Extracted records
*** Block opens ***
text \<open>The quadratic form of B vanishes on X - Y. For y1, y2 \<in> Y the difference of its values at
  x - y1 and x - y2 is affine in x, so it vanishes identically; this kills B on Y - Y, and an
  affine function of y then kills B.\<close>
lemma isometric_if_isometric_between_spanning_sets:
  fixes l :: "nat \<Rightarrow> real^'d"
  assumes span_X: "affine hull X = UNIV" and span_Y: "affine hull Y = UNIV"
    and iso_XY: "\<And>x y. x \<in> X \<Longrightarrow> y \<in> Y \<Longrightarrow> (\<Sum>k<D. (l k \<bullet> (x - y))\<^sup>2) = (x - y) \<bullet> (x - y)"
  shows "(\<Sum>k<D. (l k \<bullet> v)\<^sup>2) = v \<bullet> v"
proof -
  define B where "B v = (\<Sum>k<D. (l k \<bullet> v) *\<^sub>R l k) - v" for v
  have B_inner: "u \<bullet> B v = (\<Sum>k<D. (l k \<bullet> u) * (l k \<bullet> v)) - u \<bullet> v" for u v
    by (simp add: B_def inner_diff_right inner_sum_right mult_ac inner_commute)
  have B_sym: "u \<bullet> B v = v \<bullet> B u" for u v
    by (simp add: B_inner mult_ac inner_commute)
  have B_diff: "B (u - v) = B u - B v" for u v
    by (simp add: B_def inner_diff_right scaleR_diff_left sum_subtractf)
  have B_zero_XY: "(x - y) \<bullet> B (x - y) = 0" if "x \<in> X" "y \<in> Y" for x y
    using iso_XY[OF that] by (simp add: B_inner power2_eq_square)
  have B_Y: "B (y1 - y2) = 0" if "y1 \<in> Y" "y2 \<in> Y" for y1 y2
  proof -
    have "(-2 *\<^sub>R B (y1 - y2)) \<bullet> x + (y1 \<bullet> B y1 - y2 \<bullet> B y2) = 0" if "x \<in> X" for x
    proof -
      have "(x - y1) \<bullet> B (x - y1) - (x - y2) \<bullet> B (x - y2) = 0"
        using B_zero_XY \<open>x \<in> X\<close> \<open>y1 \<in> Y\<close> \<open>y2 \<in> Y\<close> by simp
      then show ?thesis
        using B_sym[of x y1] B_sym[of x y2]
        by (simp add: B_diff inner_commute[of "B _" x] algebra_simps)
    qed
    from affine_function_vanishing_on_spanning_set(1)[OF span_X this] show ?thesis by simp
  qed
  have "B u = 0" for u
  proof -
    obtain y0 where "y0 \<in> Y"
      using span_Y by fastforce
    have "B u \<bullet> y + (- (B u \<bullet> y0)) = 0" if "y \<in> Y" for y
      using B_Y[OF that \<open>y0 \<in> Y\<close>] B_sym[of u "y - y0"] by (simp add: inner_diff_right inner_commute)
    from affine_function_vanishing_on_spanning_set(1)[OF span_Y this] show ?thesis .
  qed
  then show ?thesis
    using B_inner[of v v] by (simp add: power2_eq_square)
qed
*** Block closes ***
*** Block opens ***
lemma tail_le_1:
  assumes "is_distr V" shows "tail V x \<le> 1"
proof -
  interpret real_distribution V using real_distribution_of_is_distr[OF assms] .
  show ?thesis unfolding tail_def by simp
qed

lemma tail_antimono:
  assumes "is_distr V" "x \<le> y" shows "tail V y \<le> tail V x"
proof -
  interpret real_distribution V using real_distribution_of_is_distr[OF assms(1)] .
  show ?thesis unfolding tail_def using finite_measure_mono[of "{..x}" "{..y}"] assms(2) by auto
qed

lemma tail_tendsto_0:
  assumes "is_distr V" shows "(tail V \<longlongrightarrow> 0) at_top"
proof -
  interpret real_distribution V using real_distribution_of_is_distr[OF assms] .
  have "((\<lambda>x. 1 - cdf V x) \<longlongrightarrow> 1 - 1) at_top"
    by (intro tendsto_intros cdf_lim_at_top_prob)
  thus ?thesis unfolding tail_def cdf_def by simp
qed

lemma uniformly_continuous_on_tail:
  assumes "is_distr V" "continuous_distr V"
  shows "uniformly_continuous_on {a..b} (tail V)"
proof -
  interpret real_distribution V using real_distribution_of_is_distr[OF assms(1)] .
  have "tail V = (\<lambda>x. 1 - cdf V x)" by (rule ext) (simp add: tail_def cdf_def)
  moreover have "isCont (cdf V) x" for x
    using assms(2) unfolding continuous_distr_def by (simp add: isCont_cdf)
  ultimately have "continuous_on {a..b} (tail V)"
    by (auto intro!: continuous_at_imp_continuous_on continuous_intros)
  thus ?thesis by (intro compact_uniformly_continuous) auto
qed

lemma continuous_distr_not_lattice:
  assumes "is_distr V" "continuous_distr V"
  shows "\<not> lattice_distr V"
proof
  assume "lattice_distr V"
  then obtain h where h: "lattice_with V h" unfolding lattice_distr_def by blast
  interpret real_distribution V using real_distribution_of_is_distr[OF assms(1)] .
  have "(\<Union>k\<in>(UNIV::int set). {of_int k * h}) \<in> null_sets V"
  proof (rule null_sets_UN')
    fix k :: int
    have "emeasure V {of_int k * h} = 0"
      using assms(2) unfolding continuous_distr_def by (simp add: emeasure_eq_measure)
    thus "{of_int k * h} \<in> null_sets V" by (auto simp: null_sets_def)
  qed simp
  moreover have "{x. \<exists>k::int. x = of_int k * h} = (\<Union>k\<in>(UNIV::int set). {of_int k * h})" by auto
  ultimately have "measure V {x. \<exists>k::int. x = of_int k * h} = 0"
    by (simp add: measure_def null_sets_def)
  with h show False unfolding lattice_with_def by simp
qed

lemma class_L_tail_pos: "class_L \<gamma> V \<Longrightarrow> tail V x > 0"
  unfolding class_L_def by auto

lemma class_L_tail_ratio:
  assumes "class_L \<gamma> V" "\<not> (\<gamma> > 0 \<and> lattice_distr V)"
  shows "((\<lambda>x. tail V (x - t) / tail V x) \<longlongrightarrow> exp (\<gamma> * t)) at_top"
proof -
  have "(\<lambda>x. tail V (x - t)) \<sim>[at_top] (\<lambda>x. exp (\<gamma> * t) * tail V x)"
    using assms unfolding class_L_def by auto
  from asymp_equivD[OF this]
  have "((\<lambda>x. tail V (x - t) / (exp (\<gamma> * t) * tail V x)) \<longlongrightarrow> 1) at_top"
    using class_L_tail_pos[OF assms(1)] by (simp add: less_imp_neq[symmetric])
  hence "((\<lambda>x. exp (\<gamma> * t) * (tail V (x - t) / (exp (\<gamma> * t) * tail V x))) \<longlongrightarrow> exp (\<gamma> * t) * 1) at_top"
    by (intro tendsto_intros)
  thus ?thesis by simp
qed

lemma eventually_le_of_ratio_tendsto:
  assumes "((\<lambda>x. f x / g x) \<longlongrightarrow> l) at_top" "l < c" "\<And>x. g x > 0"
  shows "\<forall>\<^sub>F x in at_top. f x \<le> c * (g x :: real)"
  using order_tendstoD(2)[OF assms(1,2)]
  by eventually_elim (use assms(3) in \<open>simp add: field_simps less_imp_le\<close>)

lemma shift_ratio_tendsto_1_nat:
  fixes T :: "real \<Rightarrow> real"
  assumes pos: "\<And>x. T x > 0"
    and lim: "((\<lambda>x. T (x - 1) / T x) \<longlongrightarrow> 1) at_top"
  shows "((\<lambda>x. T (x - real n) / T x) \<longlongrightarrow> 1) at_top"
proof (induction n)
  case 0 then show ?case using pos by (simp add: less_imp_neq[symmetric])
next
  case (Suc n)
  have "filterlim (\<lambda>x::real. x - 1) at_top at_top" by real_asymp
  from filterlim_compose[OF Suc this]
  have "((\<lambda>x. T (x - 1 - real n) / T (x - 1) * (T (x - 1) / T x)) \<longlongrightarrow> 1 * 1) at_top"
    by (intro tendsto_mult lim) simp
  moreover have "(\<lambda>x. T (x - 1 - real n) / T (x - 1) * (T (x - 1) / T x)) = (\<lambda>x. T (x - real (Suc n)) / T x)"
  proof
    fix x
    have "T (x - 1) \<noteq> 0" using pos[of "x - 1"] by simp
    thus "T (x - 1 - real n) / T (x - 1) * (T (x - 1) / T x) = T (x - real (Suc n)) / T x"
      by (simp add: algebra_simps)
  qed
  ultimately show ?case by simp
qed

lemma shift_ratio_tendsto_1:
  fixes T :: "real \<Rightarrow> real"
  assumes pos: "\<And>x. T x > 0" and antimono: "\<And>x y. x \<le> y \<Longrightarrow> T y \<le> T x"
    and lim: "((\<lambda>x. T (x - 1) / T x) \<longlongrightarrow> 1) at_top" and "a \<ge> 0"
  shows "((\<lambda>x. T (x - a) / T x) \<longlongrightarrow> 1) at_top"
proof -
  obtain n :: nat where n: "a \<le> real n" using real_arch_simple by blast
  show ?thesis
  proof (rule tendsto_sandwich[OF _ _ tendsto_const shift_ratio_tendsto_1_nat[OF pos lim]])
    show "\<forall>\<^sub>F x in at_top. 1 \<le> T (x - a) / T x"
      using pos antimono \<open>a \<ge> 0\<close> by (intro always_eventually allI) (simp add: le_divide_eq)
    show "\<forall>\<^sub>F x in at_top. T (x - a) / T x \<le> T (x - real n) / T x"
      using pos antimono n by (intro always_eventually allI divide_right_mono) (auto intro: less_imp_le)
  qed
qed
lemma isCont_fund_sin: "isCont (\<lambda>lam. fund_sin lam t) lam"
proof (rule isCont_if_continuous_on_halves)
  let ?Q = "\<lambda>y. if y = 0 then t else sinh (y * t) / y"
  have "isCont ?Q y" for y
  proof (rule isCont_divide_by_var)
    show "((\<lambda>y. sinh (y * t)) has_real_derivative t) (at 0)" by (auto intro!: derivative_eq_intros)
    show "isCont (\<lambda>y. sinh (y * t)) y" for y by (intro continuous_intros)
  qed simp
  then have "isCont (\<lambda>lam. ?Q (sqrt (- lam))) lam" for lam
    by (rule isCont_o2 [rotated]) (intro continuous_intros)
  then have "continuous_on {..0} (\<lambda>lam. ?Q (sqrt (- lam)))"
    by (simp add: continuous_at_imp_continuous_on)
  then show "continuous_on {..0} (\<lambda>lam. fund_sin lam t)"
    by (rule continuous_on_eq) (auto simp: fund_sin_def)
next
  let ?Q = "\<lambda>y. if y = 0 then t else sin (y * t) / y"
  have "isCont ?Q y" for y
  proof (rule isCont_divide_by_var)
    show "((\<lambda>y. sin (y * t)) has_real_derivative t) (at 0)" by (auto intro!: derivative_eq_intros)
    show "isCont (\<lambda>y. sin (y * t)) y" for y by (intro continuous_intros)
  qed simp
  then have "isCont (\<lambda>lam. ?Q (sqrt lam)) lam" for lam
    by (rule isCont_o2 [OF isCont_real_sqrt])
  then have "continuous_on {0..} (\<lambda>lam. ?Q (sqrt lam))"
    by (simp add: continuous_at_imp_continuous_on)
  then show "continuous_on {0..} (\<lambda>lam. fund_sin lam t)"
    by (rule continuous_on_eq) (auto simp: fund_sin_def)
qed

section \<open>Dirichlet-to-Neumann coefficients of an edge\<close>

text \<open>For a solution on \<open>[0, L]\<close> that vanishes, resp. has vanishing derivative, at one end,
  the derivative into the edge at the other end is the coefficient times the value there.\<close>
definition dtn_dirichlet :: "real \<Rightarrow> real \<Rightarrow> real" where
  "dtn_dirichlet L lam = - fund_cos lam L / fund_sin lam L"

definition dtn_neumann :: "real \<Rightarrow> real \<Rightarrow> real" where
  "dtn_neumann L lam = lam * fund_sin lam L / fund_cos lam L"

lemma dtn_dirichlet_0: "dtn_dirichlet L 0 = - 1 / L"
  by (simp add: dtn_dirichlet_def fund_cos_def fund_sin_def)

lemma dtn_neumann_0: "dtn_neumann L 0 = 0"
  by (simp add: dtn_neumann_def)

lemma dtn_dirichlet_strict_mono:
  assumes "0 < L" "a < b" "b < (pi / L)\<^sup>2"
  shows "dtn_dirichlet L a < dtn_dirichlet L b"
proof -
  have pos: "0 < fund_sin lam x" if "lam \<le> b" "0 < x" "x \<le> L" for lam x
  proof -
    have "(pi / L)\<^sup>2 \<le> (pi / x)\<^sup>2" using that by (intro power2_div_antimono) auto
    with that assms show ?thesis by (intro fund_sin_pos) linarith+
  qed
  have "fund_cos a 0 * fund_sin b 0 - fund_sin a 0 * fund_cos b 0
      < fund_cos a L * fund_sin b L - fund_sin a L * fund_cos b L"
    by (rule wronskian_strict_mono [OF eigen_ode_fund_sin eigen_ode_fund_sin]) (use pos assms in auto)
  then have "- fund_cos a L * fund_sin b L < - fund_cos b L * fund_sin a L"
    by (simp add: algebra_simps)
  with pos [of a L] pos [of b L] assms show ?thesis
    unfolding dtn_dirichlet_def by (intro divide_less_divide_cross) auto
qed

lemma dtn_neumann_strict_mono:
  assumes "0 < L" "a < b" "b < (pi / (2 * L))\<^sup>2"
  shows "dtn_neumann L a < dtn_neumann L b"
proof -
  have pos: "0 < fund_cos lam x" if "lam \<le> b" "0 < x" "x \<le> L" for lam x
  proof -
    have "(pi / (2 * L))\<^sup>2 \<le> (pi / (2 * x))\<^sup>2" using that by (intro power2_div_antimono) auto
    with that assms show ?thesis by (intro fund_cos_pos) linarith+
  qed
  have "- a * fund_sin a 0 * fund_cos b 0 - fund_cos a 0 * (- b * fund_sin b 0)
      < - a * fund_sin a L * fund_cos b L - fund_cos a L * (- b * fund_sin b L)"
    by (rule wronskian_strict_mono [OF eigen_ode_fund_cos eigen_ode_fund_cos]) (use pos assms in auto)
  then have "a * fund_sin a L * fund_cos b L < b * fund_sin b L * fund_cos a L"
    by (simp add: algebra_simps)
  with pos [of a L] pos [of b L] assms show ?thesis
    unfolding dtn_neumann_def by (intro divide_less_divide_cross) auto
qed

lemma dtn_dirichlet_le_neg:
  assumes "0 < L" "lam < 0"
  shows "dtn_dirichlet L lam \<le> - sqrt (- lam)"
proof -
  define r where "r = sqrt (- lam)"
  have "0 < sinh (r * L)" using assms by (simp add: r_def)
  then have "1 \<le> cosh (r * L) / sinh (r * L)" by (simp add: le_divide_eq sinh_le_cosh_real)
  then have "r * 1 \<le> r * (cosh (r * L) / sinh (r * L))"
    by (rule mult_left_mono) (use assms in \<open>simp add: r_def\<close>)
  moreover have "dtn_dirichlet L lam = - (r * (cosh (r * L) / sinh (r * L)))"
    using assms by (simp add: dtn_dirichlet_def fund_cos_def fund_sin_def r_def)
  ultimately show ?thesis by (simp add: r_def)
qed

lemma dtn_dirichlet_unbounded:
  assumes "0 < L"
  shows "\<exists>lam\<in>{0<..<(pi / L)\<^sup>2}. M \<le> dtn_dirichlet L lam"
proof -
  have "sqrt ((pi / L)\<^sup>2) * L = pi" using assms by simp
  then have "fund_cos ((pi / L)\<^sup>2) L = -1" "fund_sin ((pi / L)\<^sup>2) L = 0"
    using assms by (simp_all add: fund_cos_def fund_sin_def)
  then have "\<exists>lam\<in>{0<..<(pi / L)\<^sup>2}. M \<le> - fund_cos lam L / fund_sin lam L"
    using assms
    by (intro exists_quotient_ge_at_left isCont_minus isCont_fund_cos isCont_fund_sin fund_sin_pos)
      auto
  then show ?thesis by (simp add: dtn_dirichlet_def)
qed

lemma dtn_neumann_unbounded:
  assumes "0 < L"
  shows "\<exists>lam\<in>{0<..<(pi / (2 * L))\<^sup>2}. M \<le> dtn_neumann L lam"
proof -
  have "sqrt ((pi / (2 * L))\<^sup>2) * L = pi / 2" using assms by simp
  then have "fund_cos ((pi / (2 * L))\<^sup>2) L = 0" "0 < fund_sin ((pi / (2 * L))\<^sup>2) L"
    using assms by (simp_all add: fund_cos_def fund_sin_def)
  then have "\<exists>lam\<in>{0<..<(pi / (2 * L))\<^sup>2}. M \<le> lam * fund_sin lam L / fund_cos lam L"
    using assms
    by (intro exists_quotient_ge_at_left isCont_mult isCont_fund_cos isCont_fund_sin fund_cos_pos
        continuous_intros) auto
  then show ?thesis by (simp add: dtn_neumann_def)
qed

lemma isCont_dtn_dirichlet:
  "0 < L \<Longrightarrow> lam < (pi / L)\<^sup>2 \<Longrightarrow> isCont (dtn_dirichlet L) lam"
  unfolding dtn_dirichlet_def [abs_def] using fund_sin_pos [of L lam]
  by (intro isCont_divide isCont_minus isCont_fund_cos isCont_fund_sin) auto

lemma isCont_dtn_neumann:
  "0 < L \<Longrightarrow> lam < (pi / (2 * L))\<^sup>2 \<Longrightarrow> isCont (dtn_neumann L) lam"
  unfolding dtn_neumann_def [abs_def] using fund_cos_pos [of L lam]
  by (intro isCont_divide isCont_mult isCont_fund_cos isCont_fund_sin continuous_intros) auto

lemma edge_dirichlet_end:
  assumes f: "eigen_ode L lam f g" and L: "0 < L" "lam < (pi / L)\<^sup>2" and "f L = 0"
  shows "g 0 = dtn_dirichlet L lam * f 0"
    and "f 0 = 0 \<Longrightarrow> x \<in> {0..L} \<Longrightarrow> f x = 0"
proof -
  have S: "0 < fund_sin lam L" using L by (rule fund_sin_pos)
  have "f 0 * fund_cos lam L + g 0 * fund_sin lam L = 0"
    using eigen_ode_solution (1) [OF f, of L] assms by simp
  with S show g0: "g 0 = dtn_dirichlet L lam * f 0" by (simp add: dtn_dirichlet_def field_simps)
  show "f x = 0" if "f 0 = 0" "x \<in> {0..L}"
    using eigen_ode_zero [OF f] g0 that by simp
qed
*** Block closes ***
*** Block opens ***
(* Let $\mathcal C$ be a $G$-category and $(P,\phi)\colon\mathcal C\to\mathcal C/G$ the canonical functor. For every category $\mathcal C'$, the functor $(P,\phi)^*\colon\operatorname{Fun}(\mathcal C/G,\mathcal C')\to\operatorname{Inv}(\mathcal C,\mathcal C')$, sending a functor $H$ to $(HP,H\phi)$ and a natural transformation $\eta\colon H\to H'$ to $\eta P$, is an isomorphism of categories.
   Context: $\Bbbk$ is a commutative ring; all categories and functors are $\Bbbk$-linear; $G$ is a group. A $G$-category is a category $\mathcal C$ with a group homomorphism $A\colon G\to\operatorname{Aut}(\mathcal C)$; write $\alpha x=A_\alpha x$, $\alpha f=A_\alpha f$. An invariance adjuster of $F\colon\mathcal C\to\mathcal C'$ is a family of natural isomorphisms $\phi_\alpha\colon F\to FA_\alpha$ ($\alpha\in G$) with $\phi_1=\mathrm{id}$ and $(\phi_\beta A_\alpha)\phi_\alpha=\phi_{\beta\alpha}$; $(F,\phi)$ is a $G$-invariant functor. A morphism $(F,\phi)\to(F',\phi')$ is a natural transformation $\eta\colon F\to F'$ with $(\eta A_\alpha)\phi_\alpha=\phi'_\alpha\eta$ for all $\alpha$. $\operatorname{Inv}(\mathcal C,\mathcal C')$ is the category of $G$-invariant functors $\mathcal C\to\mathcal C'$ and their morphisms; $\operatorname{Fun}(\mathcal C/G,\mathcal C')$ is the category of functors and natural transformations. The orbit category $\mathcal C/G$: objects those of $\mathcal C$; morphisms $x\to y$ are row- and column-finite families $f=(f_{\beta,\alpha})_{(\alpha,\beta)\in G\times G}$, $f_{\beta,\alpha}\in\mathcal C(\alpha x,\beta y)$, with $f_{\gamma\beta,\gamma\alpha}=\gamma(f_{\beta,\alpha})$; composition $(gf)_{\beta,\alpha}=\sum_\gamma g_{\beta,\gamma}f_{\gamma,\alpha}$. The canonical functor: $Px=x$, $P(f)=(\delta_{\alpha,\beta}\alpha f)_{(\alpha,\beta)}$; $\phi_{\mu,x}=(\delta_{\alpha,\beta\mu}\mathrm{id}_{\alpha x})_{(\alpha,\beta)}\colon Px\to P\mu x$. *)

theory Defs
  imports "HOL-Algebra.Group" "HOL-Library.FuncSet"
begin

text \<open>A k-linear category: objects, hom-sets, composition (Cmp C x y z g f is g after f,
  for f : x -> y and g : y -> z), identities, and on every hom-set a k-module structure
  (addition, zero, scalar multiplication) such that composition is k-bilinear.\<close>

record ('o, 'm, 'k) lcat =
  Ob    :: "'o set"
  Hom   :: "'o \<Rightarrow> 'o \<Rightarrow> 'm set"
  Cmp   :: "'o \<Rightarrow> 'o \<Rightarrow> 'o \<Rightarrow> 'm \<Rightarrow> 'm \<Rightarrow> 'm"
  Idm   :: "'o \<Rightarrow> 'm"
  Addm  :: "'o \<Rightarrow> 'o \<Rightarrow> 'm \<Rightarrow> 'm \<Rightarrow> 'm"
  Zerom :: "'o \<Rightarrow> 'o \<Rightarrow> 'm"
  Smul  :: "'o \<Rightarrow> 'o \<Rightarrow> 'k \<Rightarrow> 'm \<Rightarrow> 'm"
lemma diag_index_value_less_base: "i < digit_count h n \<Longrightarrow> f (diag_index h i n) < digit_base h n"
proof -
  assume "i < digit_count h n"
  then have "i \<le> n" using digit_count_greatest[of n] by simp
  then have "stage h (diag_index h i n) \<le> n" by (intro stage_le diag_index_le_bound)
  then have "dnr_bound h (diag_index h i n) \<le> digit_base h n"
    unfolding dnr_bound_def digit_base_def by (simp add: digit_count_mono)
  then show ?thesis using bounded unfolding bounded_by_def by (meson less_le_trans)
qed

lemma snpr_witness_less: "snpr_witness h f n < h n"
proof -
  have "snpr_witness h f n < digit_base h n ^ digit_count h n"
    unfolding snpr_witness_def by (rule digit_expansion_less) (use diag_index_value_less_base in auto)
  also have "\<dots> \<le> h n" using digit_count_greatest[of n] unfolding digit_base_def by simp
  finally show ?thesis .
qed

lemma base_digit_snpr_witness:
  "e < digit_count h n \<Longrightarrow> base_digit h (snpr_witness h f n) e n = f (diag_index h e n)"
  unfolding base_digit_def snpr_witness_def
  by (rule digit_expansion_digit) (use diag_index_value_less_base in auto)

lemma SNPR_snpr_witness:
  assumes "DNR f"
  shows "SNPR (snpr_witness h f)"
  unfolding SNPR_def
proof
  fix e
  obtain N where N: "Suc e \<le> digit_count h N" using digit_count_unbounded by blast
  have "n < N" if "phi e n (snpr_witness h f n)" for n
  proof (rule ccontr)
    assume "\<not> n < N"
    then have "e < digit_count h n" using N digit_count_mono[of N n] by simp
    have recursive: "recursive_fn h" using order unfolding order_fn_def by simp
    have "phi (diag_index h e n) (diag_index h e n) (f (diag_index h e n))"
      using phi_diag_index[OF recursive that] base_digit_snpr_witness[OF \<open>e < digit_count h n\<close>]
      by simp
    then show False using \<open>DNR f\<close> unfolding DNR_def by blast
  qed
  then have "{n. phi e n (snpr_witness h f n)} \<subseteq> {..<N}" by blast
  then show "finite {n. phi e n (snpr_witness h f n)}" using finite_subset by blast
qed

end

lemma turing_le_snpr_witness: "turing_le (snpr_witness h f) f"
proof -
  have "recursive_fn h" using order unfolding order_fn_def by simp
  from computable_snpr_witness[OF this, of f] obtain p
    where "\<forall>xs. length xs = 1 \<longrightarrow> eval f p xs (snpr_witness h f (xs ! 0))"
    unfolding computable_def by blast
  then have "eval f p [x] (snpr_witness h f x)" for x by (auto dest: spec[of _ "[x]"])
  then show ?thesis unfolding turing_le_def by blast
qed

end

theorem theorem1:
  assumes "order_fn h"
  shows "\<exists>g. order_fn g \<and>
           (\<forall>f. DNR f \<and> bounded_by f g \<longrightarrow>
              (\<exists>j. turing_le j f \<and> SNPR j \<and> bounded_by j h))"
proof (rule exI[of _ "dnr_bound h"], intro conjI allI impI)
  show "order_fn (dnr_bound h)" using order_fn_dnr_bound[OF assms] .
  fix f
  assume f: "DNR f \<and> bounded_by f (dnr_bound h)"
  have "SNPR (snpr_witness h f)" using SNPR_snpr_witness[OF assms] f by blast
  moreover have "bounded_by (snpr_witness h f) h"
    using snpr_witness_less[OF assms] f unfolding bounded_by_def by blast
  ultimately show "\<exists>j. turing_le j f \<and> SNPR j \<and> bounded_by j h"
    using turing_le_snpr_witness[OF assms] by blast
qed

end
*** Block closes ***
# PROBLEM DESCRIPTION
How many of the lines above hold the word "from"? Give only that number.

# ANSWER BELOW
5